Up to the line containing "using elim by auto", nothing is kept; from that line through the end of the data below, output every line exactly.

Stored data
☆ ☆ ☆ ☆ ☆ ☆ ☆

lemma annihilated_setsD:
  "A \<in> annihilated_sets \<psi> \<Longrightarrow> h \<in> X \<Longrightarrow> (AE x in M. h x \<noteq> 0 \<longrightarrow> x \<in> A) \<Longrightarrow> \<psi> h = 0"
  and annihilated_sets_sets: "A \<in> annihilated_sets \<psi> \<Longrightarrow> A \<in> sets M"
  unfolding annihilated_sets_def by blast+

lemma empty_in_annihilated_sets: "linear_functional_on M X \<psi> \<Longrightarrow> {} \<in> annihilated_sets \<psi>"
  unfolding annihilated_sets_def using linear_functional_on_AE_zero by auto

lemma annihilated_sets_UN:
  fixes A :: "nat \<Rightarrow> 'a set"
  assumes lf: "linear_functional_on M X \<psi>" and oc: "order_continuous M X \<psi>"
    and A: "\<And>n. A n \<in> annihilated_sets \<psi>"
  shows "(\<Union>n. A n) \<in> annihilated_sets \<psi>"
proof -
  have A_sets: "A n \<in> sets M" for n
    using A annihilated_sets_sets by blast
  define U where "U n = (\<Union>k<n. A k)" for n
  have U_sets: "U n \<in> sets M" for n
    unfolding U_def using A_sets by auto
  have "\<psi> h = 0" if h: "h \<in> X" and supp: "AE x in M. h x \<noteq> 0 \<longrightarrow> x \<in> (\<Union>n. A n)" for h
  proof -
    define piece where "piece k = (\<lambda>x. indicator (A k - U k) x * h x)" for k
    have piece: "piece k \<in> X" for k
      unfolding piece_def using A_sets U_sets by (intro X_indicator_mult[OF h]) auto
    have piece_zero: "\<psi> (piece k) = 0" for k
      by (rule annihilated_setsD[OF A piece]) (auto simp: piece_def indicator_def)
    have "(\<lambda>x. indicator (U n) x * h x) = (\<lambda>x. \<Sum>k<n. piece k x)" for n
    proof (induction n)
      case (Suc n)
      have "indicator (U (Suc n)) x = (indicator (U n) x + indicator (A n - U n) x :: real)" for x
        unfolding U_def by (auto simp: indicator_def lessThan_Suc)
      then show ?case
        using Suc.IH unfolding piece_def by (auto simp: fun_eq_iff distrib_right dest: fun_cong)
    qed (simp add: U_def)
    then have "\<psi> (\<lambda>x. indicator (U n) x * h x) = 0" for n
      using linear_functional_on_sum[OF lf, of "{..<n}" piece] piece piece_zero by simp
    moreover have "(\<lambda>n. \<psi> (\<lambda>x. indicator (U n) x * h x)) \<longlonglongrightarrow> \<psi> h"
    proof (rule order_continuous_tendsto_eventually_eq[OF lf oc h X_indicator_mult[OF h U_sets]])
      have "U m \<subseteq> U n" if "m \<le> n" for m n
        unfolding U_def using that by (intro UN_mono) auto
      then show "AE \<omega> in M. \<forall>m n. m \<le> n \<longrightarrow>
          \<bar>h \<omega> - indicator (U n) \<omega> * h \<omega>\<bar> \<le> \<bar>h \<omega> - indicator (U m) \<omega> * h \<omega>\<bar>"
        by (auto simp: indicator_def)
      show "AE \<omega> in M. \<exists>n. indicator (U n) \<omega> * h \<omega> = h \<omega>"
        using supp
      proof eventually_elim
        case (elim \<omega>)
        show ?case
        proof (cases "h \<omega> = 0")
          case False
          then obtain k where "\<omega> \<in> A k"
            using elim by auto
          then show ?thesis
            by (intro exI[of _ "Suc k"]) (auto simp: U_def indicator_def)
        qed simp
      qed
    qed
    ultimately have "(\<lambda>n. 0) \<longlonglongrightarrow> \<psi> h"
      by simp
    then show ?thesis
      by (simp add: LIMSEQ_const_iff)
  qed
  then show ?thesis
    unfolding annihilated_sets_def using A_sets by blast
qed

☆ ☆ ☆ ☆ ☆ ☆ ☆

### SOLUTION FOR THIS EXERCISE
            using elim by auto
          then show ?thesis
            by (intro exI[of _ "Suc k"]) (auto simp: U_def indicator_def)
        qed simp
      qed
    qed
    ultimately have "(\<lambda>n. 0) \<longlonglongrightarrow> \<psi> h"
      by simp
    then show ?thesis
      by (simp add: LIMSEQ_const_iff)
  qed
  then show ?thesis
    unfolding annihilated_sets_def using A_sets by blast
qed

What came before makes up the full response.